Trump, Üst Düzey Blackwell Yapay Zeka Çiplerinin Çin ve Diğer Ülkelere Satışına İzin Verilmeyeceğini Söyledi
ABD Başkanı Donald Trump, yapay zeka teknolojisinin en kritik bileşeni olan gelişmiş yarı iletkenler konusunda son derece net bir mesaj vererek, teknoloji devi Nvidia’nın en yeni ve en güçlü çiplerinin ihracatına izin verilmeyeceğini açıkladı. Trump, CBS kanalında yayımlanan “60 Minutes” programında ve Air Force One uçağında gazetecilere yaptığı açıklamalarda, Nvidia’nın sunduğu üst düzey Blackwell çiplerine yalnızca ABD’li müşterilerin erişmesi gerektiğini belirtti.
Bu politikanın altını net bir şekilde çizen Trump, “En gelişmişini, ABD dışında kimsenin almasına izin vermeyeceğiz” dedi ve “Blackwell çipini başkalarına vermiyoruz” diye ekledi.

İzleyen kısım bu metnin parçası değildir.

text \<open>psi_M : A_n tensor M_1 -> M_2, with A_n tensor M_1 identified with M_1^n via
  sum_i gamma_i tensor x_i <-> (x_i)_i.\<close>
definition psi :: "nat \<Rightarrow> 'k::field krep \<Rightarrow> (nat \<Rightarrow> 'k vec) \<Rightarrow> 'k vec" where
  "psi n M x = vec (dim2 M) (\<lambda>p. \<Sum>i<n. (arr M i *\<^sub>v x i) $ p)"

text \<open>M in rep_proj(K_r, d): for every d-dimensional subspace v = alpha(A_d) of A_r
  (alpha : A_d -> A_r injective), psi_M is injective on v tensor M_1. Via the isomorphism
  alpha tensor id : A_d tensor M_1 -> v tensor M_1, psi_M restricted to v tensor M_1 is
  psi of alpha^*(M) on A_d tensor M_1.\<close>
definition rep_proj :: "nat \<Rightarrow> nat \<Rightarrow> 'k::field krep \<Rightarrow> bool" where
  "rep_proj r d M \<longleftrightarrow> (\<forall>\<alpha>. inj_lin r d \<alpha> \<longrightarrow>
     (\<forall>x. (\<forall>j<d. x j \<in> carrier_vec (dim1 M)) \<longrightarrow>
          psi d (pullback r \<alpha> M) x = 0\<^sub>v (dim2 M) \<longrightarrow> (\<forall>j<d. x j = 0\<^sub>v (dim1 M))))"

definition rep_hom :: "nat \<Rightarrow> 'k::field krep \<Rightarrow> 'k krep \<Rightarrow> 'k mat \<Rightarrow> 'k mat \<Rightarrow> bool" where
  "rep_hom n M N f1 f2 \<longleftrightarrow> f1 \<in> carrier_mat (dim1 N) (dim1 M) \<and>
     f2 \<in> carrier_mat (dim2 N) (dim2 M) \<and> (\<forall>i<n. f2 * arr M i = arr N i * f1)"

definition rep_iso :: "nat \<Rightarrow> 'k::field krep \<Rightarrow> 'k krep \<Rightarrow> bool" where
  "rep_iso n M N \<longleftrightarrow> (\<exists>f1 f2. rep_hom n M N f1 f2 \<and> invertible_mat f1 \<and> invertible_mat f2)"

definition homogeneous :: "nat \<Rightarrow> nat \<Rightarrow> 'k::field krep \<Rightarrow> bool" where
  "homogeneous r e M \<longleftrightarrow> (\<forall>\<alpha> \<beta>. inj_lin r e \<alpha> \<longrightarrow> inj_lin r e \<beta> \<longrightarrow>
     rep_iso e (pullback r \<alpha> M) (pullback r \<beta> M))"

definition brick :: "nat \<Rightarrow> 'k::field krep \<Rightarrow> bool" where
  "brick n M \<longleftrightarrow> dim1 M + dim2 M > 0 \<and>
     (\<forall>f1 f2. rep_hom n M M f1 f2 \<longrightarrow>
        (\<exists>c. f1 = c \<cdot>\<^sub>m 1\<^sub>m (dim1 M) \<and> f2 = c \<cdot>\<^sub>m 1\<^sub>m (dim2 M)))"

end

theory Submission
  imports Defs "Jordan_Normal_Form.Determinant"
begin

text \<open>The representation \<open>M\<close> is \<open>A\<^sub>r \<otimes> k\<^sup>d\<^sup>+\<^sup>2\<close> divided by the span of
  \<open>x = \<Sum>\<^sub>t\<^sub>\<le>\<^sub>d \<gamma>\<^sub>t \<otimes> e\<^sub>t\<close> and \<open>y = \<Sum>\<^sub>t\<^sub>\<le>\<^sub>d \<gamma>\<^sub>t \<otimes> e\<^sub>t\<^sub>+\<^sub>1\<close>, so that
  \<open>ker \<psi>\<^sub>M = \<langle>x, y\<rangle>\<close>. A homomorphism \<open>(f\<^sub>1, f\<^sub>2)\<close> maps kernels of \<open>\<psi>\<close> to kernels of
  \<open>\<psi>\<close> via \<open>id \<otimes> f\<^sub>1\<close>. For an endomorphism of \<open>M\<close>, comparing the images of \<open>x\<close> and \<open>y\<close>
  forces \<open>f\<^sub>1\<close> to be scalar, and then \<open>f\<^sub>2\<close> is the same scalar because \<open>\<psi>\<^sub>M\<close> is onto;
  so \<open>M\<close> is a brick. Every nonzero \<open>a x + b y\<close> has tensor rank \<open>d + 1\<close>, hence does not lie
  in \<open>\<v> \<otimes> M\<^sub>1\<close> for a \<open>d\<close>-dimensional \<open>\<v>\<close>: this is \<open>M \<in> rep\<^sub>p\<^sub>r\<^sub>o\<^sub>j(K\<^sub>r, d)\<close>.
  Finally let \<open>\<alpha>\<close> be the standard embedding of \<open>A\<^sub>d\<^sub>+\<^sub>1\<close> and \<open>\<beta>\<close> the one sending
  \<open>\<gamma>\<^sub>0, \<gamma>\<^sub>1, \<gamma>\<^sub>2\<close> to \<open>\<gamma>\<^sub>1, \<gamma>\<^sub>2, \<gamma>\<^sub>0\<close>. An isomorphism \<open>\<alpha>\<^sup>*M \<cong> \<beta>\<^sup>*M\<close> would carry the
  kernel elements \<open>x, y\<close> of \<open>\<alpha>\<^sup>*M\<close> to kernel elements of \<open>\<beta>\<^sup>*M\<close>, and comparing coefficients
  gives \<open>f\<^sub>1 e\<^sub>1 = 0\<close>.\<close>

section \<open>Matrices and block indices\<close>

lemma index_mult_mat_vec_sum:
  assumes "A \<in> carrier_mat m n" "v \<in> carrier_vec n" "p < m"
  shows "(A *\<^sub>v v) $ p = (\<Sum>q<n. A $$ (p, q) * v $ q)"
  using assms by (auto simp: scalar_prod_def atLeast0LessThan intro!: sum.cong)

lemma eq_smult_one_matI:
  fixes A :: "'a::semiring_1 mat"
  assumes A: "A \<in> carrier_mat n n"
    and unit: "\<And>q. q < n \<Longrightarrow> A *\<^sub>v unit_vec n q = c \<cdot>\<^sub>v unit_vec n q"
  shows "A = c \<cdot>\<^sub>m 1\<^sub>m n"
proof (rule eq_matI)
  fix p q assume "p < dim_row (c \<cdot>\<^sub>m 1\<^sub>m n)" "q < dim_col (c \<cdot>\<^sub>m 1\<^sub>m n)"
  then have p: "p < n" and q: "q < n" by auto
  have "A $$ (p, q) = (A *\<^sub>v unit_vec n q) $ p" using A p q by simp
  also have "\<dots> = (c \<cdot>\<^sub>m 1\<^sub>m n) $$ (p, q)" using unit[OF q] p q by simp
  finally show "A $$ (p, q) = (c \<cdot>\<^sub>m 1\<^sub>m n) $$ (p, q)" .
qed (use A in auto)

lemma invertible_mat_mult_vec_eq_0:
  fixes A :: "'a::comm_ring_1 mat"
  assumes inv: "invertible_mat A" and A: "A \<in> carrier_mat n n" and v: "v \<in> carrier_vec n"
    and Av: "A *\<^sub>v v = 0\<^sub>v n"
  shows "v = 0\<^sub>v n"
proof -
  obtain B where AB: "A * B = 1\<^sub>m (dim_row A)" and BA: "B * A = 1\<^sub>m (dim_row B)"
    using inv unfolding invertible_mat_def inverts_mat_def by auto
  have B: "B \<in> carrier_mat n n"
    using A AB BA by (metis carrier_matD carrier_matI index_mult_mat(2,3) index_one_mat(2,3))
  have "v = (B * A) *\<^sub>v v" using BA B v by simp
  also have "\<dots> = B *\<^sub>v 0\<^sub>v n" using A B v Av by simp
  also have "\<dots> = 0\<^sub>v n" using B by (auto intro!: eq_vecI)
  finally show ?thesis .
qed
lemma hs_norm2_trace_site_defect:
  "real q * (\<Sum>c<q. hs_norm2 q U V (slice i c c \<sigma>)) - hs_norm2 q U V (trace_site q i \<sigma>)
   = (\<Sum>c<q. \<Sum>c'<q. hs_norm2 q U V (\<lambda>x y. slice i c c \<sigma> x y - slice i c' c' \<sigma> x y)) / 2"
proof -
  define t where "t a b c = partial_trace q U V (slice i c c \<sigma>) a b" for a b c
  have slices: "(\<Sum>c<q. hs_norm2 q U V (slice i c c \<sigma>))
      = (\<Sum>a\<in>cfgs V q. \<Sum>b\<in>cfgs V q. \<Sum>c<q. (cmod (t a b c))\<^sup>2)"
    unfolding hs_norm2_def t_def by (rule sum_swap_outer)
  have traced: "hs_norm2 q U V (trace_site q i \<sigma>)
      = (\<Sum>a\<in>cfgs V q. \<Sum>b\<in>cfgs V q. (cmod (\<Sum>c<q. t a b c))\<^sup>2)"
    unfolding hs_norm2_def partial_trace_trace_site t_def ..
  have differences: "(\<Sum>c<q. \<Sum>c'<q. hs_norm2 q U V (\<lambda>x y. slice i c c \<sigma> x y - slice i c' c' \<sigma> x y))
      = (\<Sum>a\<in>cfgs V q. \<Sum>b\<in>cfgs V q. \<Sum>c<q. \<Sum>c'<q. (cmod (t a b c - t a b c'))\<^sup>2)"
    unfolding hs_norm2_def partial_trace_diff t_def by (rule sum_swap_pairs)
  have "real q * (\<Sum>c<q. hs_norm2 q U V (slice i c c \<sigma>)) - hs_norm2 q U V (trace_site q i \<sigma>)
      = (\<Sum>a\<in>cfgs V q. \<Sum>b\<in>cfgs V q. real q * (\<Sum>c<q. (cmod (t a b c))\<^sup>2) - (cmod (\<Sum>c<q. t a b c))\<^sup>2)"
    unfolding slices traced by (simp only: sum_distrib_left sum_subtractf)
  also have "\<dots> = (\<Sum>a\<in>cfgs V q. \<Sum>b\<in>cfgs V q. (\<Sum>c<q. \<Sum>c'<q. (cmod (t a b c - t a b c'))\<^sup>2) / 2)"
    by (simp only: sum_cmod_sq_defect)
  finally show ?thesis
    unfolding differences by (simp only: sum_divide_distrib)
qed

section \<open>Unitary enumerator\<close>

definition enumerator_coeff :: "nat \<Rightarrow> nat set \<Rightarrow> nat set \<Rightarrow> operator \<Rightarrow> real" where
  "enumerator_coeff q U0 U \<sigma> = (\<Sum>V\<in>Pow U. (-1) ^ (card U + card V) * real q ^ card V * hs_norm2 q U0 V \<sigma>)"

lemma enumerator_coeff_insert:
  assumes "finite U" "i \<notin> U" "i \<in> U0"
  shows "enumerator_coeff q U0 (insert i U) \<sigma>
    = real q * (\<Sum>c<q. \<Sum>d<q. enumerator_coeff q (U0 - {i}) U (slice i c d \<sigma>))
      - enumerator_coeff q (U0 - {i}) U (trace_site q i \<sigma>)"
proof -
  define w where "w V = (-1::real) ^ (card U + card V) * real q ^ card V" for V :: "nat set"
  define f where "f V = (-1) ^ (card (insert i U) + card V) * real q ^ card V * hs_norm2 q U0 V \<sigma>" for V
  have without_i: "f V = - (w V * hs_norm2 q (U0 - {i}) V (trace_site q i \<sigma>))" if "V \<in> Pow U" for V
  proof -
    have "i \<notin> V"
      using that assms by auto
    then show ?thesis
      using assms by (simp add: f_def w_def hs_norm2_remove_site)
  qed
  have with_i: "f (insert i V) = real q * (\<Sum>c<q. \<Sum>d<q. w V * hs_norm2 q (U0 - {i}) V (slice i c d \<sigma>))"
    if "V \<in> Pow U" for V
  proof -
    have "i \<notin> V" "finite V"
      using that assms by (auto dest: finite_subset)
    then show ?thesis
      using assms by (simp add: f_def w_def hs_norm2_insert_site sum_distrib_left mult_ac)
  qed
  have "enumerator_coeff q U0 (insert i U) \<sigma> = (\<Sum>V\<in>Pow U. f V) + (\<Sum>V\<in>Pow U. f (insert i V))"
    unfolding enumerator_coeff_def f_def using assms by (simp add: sum_Pow_insert)
  also have "\<dots> = - (\<Sum>V\<in>Pow U. w V * hs_norm2 q (U0 - {i}) V (trace_site q i \<sigma>))
      + real q * (\<Sum>V\<in>Pow U. \<Sum>c<q. \<Sum>d<q. w V * hs_norm2 q (U0 - {i}) V (slice i c d \<sigma>))"
    by (simp add: without_i with_i sum_negf sum_distrib_left)
  also have "\<dots> = real q * (\<Sum>c<q. \<Sum>d<q. enumerator_coeff q (U0 - {i}) U (slice i c d \<sigma>))
      - enumerator_coeff q (U0 - {i}) U (trace_site q i \<sigma>)"
    unfolding enumerator_coeff_def w_def sum_swap_outer[where C = "Pow U"] by simp
  finally show ?thesis .
qed

lemma enumerator_coeff_trace_site_defect:
  "real q * (\<Sum>c<q. enumerator_coeff q U0 U (slice i c c \<sigma>)) - enumerator_coeff q U0 U (trace_site q i \<sigma>)
   = (\<Sum>c<q. \<Sum>c'<q. enumerator_coeff q U0 U (\<lambda>x y. slice i c c \<sigma> x y - slice i c' c' \<sigma> x y)) / 2"
proof -
  define w where "w V = (-1::real) ^ (card U + card V) * real q ^ card V" for V :: "nat set"
  have "real q * (\<Sum>c<q. enumerator_coeff q U0 U (slice i c c \<sigma>)) - enumerator_coeff q U0 U (trace_site q i \<sigma>)
      = (\<Sum>V\<in>Pow U. w V * (real q * (\<Sum>c<q. hs_norm2 q U0 V (slice i c c \<sigma>)) - hs_norm2 q U0 V (trace_site q i \<sigma>)))"
    unfolding enumerator_coeff_def w_def
    by (simp add: sum_distrib_left right_diff_distrib sum_subtractf mult_ac sum.swap[where B = "Pow U"])
  also have "\<dots> = (\<Sum>V\<in>Pow U.
      w V * (\<Sum>c<q. \<Sum>c'<q. hs_norm2 q U0 V (\<lambda>x y. slice i c c \<sigma> x y - slice i c' c' \<sigma> x y)) / 2)"
    by (simp only: hs_norm2_trace_site_defect times_divide_eq_right)
  also have "\<dots> = (\<Sum>c<q. \<Sum>c'<q. enumerator_coeff q U0 U (\<lambda>x y. slice i c c \<sigma> x y - slice i c' c' \<sigma> x y)) / 2"
    unfolding enumerator_coeff_def w_def sum_swap_outer[where C = "{..<q}"]
    by (simp add: sum_distrib_left sum_divide_distrib mult_ac)
  finally show ?thesis .
qed

lemma enumerator_coeff_nonneg:
  assumes "finite U" "finite U0" "U \<subseteq> U0"
  shows "enumerator_coeff q U0 U \<sigma> \<ge> 0"
  using assms
proof (induction U arbitrary: U0 \<sigma> rule: finite_induct)
  case empty
  then show ?case
    by (simp add: enumerator_coeff_def hs_norm2_nonneg)
next
  case (insert i U)
  let ?E = "enumerator_coeff q (U0 - {i}) U"
  have IH: "?E \<tau> \<ge> 0" for \<tau>
    using insert.IH[of "U0 - {i}"] insert.prems insert.hyps by auto
  have "real q * (\<Sum>c<q. ?E (slice i c c \<sigma>)) \<le> real q * (\<Sum>c<q. \<Sum>d<q. ?E (slice i c d \<sigma>))"
    by (intro mult_left_mono sum_mono member_le_sum) (auto simp: IH)
  moreover have "real q * (\<Sum>c<q. ?E (slice i c c \<sigma>)) - ?E (trace_site q i \<sigma>) \<ge> 0"
    unfolding enumerator_coeff_trace_site_defect by (simp add: IH sum_nonneg)
  ultimately show ?case
    using insert by (simp add: enumerator_coeff_insert)
qed

lemma enumerator_coeff_eq_mobius:
  assumes "finite U" "U \<noteq> {}"
  shows "(\<Sum>V\<in>Pow U. (-1) ^ (card U + card V) * (real q ^ card V * hs_norm2 q U0 V \<sigma> - 1))
    = enumerator_coeff q U0 U \<sigma>"
proof -
  have "(\<Sum>V\<in>Pow U. (-1) ^ (card U + card V) * (real q ^ card V * hs_norm2 q U0 V \<sigma> - 1))
      = enumerator_coeff q U0 U \<sigma> - (-1) ^ card U * (\<Sum>V\<in>Pow U. (-1) ^ card V)"
    unfolding enumerator_coeff_def
    by (simp add: right_diff_distrib sum_subtractf sum_distrib_left power_add mult.assoc)
  then show ?thesis
    using sum_Pow_neg_one_card[OF assms] by simp
qed

section \<open>Uniform states\<close>

definition outer :: "(cfg \<Rightarrow> complex) \<Rightarrow> operator" where
  "outer \<psi> x x' = \<psi> x * cnj (\<psi> x')"

lemma partial_trace_outer: "partial_trace q {..<n} V (outer \<psi>) = reduced_state n q \<psi> V"
  by (simp add: fun_eq_iff partial_trace_def outer_def reduced_state_def)

lemma hs_norm2_outer:
  "hs_norm2 q U V (outer \<psi>) = Re (\<Sum>a\<in>cfgs V q. \<Sum>b\<in>cfgs V q. \<Sum>y\<in>cfgs (U - V) q. \<Sum>y'\<in>cfgs (U - V) q.
      \<psi> (merge_cfg V a y) * cnj (\<psi> (merge_cfg V b y)) * cnj (\<psi> (merge_cfg V a y')) * \<psi> (merge_cfg V b y'))"
  unfolding hs_norm2_def cmod_sq_eq_Re partial_trace_def outer_def
  by (simp add: cnj_sum sum_product Re_sum mult.assoc)

lemma hs_norm2_outer_compl:
  assumes "V \<subseteq> U"
  shows "hs_norm2 q U (U - V) (outer \<psi>) = hs_norm2 q U V (outer \<psi>)"
proof -
  have compl: "U - (U - V) = V" and disj: "(U - V) \<inter> V = {}"
    using assms by auto
  have "hs_norm2 q U (U - V) (outer \<psi>)
      = Re (\<Sum>a\<in>cfgs (U - V) q. \<Sum>b\<in>cfgs (U - V) q. \<Sum>y\<in>cfgs V q. \<Sum>y'\<in>cfgs V q.
      \<psi> (merge_cfg V y a) * cnj (\<psi> (merge_cfg V y b)) * cnj (\<psi> (merge_cfg V y' a)) * \<psi> (merge_cfg V y' b))"
    unfolding hs_norm2_outer compl
    by (intro arg_cong[where f = Re] sum.cong refl) (simp add: merge_cfg_commute[OF _ _ disj])
  also have "\<dots> = Re (\<Sum>y\<in>cfgs V q. \<Sum>y'\<in>cfgs V q. \<Sum>a\<in>cfgs (U - V) q. \<Sum>b\<in>cfgs (U - V) q.
      \<psi> (merge_cfg V y a) * cnj (\<psi> (merge_cfg V y b)) * cnj (\<psi> (merge_cfg V y' a)) * \<psi> (merge_cfg V y' b))"
    by (rule arg_cong[where f = Re], rule sum_swap_pairs)
  also have "\<dots> = hs_norm2 q U V (outer \<psi>)"
    unfolding hs_norm2_outer by (intro arg_cong[where f = Re] sum.cong refl) (simp add: algebra_simps)
  finally show ?thesis .
qed

lemma reduced_state_subset:
  assumes "V \<subseteq> S" "S \<subseteq> {..<n}"
  shows "reduced_state n q \<psi> V = partial_trace q S V (reduced_state n q \<psi> S)"
proof (intro ext)
  fix a b
  have split: "{..<n} - V = (S - V) \<union> ({..<n} - S)" and disj: "(S - V) \<inter> ({..<n} - S) = {}"
    using assms by auto
  have merge: "merge_cfg S (merge_cfg V c y) z = merge_cfg V c (merge_cfg (S - V) y z)" for c y z
    using assms by (auto simp: merge_cfg_def fun_eq_iff)
  show "reduced_state n q \<psi> V a b = partial_trace q S V (reduced_state n q \<psi> S) a b"
    unfolding reduced_state_def partial_trace_def split sum_cfgs_Un[OF disj] merge ..
qed

lemma k_uniform_mono:
  assumes uniform: "k_uniform n q k \<psi>" and "j \<le> k" "k \<le> n" "0 < q"
  shows "k_uniform n q j \<psi>"
  unfolding k_uniform_def
proof (intro conjI allI impI ballI)
  show "pure_state n q \<psi>"
    using uniform unfolding k_uniform_def by blast
  fix V a b
  assume V: "V \<subseteq> {..<n} \<and> card V = j" and a: "a \<in> cfgs V q" and b: "b \<in> cfgs V q"
  obtain S where S: "V \<subseteq> S" "S \<subseteq> {..<n}" "card S = k"
    using exists_subset_between[of V k "{..<n}"] V assms by auto
  moreover have "finite S"
    using S(2) finite_subset by blast
  ultimately have "finite (S - V)" "card (S - V) = k - j" "V \<union> (S - V) = S"
    using V by (auto simp: card_Diff_subset finite_subset)
  moreover have "reduced_state n q \<psi> S (merge_cfg V a y) (merge_cfg V b y) = (if a = b then 1 / of_nat q ^ k else 0)"
    if y: "y \<in> cfgs (S - V) q" for y
  proof -
    have "merge_cfg V c y \<in> cfgs S q" if "c \<in> cfgs V q" for c
      using merge_cfg_in_cfgs[OF that y] \<open>V \<union> (S - V) = S\<close> by auto
    then show ?thesis
      using uniform S a b merge_cfg_eq_iff[OF a b] unfolding k_uniform_def by auto
  qed
  ultimately have "reduced_state n q \<psi> V a b = (if a = b then of_nat (q ^ (k - j)) / of_nat q ^ k else 0)"
    using reduced_state_subset[OF S(1,2)] by (simp add: partial_trace_def card_cfgs)
  also have "\<dots> = (if a = b then 1 / of_nat q ^ j else 0)"
  proof -
    have "(of_nat q :: complex) ^ k = of_nat (q ^ (k - j)) * of_nat q ^ j"
      using \<open>j \<le> k\<close> by (simp flip: power_add)
    then show ?thesis
      using \<open>0 < q\<close> by simp
  qed
  finally show "reduced_state n q \<psi> V a b = (if a = b then 1 / of_nat q ^ j else 0)" .
qed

Bu ifadeler, Trump yönetiminin, daha önceki yetkililerin belirttiğinden çok daha sıkı ve kapsamlı bir teknoloji ihracat kısıtlaması getirebileceğini gösteriyor. Trump, en gelişmiş Blackwell çiplerinin Çinli şirketlere satışına kesinlikle izin vermeyeceğini söylerken, daha az yetenekli versiyonların satışına ise kapıyı tamamen kapatmadı.
Trump’ın bu açıklaması, Nvidia’nın geçtiğimiz Cuma günü Güney Kore’ye ve Samsung dahil ülkenin en büyük şirketlerine 260 binden fazla Blackwell yapay zeka çipi tedarik edeceğini duyurmasının hemen ardından gelmesiyle dikkat çekti. Nvidia CEO’su Jensen Huang ise geçen hafta yaptığı bir açıklamada, Pekin’in tutumu nedeniyle Çin pazarı için ABD’den ihracat lisansı talep etmediklerini belirtmişti.
Finans Hattı Yorumu: Donald Trump’ın bu açıklaması, ABD ile Çin arasında yıllardır süren teknoloji savaşında yeni ve çok daha keskin bir perdenin açılabileceğinin en net sinyalidir. Bu, sadece mevcut ihracat kontrollerini sıkılaştırmanın ötesinde, “tekno-milliyetçilik” olarak adlandırılabilecek bir doktrinin ilanıdır. Bu yaklaşıma göre, en üst düzey teknoloji, ulusal güvenlik ve ekonomik rekabetin merkezinde yer alan stratejik bir varlıktır ve müttefik dahi olsa başka ülkelerle paylaşılmamalıdır. Bu, “stratejik kısıtlama” politikasından, “Amerika Birinci” (America First) ilkesinin teknolojiye tam olarak yansıtıldığı bir korumacılık politikasına geçiş anlamına gelir.
Bu durumun küresel teknoloji tedarik zincirleri için sarsıcı sonuçları olabilir. Nvidia gibi gelirlerinin önemli bir kısmını yurt dışı satışlardan elde eden bir şirket için bu, ticari modelini temelden sarsacak bir gelişmedir. Daha da önemlisi, Trump’ın “diğer ülkeler” ifadesi, Güney Kore ve Japonya gibi ABD’nin en yakın teknoloji müttefiklerini bile zan altında bırakıyor. Nvidia’nın daha birkaç gün önce Samsung ile yaptığı devasa Blackwell anlaşması, Trump’ın bu politikayı hayata geçirmesi durumunda anında bir krize dönüşebilir. Bu durum, müttefik ülkeleri kendi yapay zeka çipi geliştirme programlarını daha da hızlandırmaya iterek, uzun vadede ABD’nin teknoloji hegemonyasına karşı yeni rakiplerin doğmasına zemin hazırlayabilir. Çin tarafında ise bu katı tutum, Pekin’in yüksek teknoloji ürünlerinde kendine yeterlilik hedefine ulaşma konusundaki kararlılığını daha da kamçılayacaktır. Kısacası, Trump’ın sözleri, küresel yapay zeka yarışında kuralların yeniden yazıldığı, daha izole ve rekabetin daha acımasız olduğu bir dönemin habercisidir.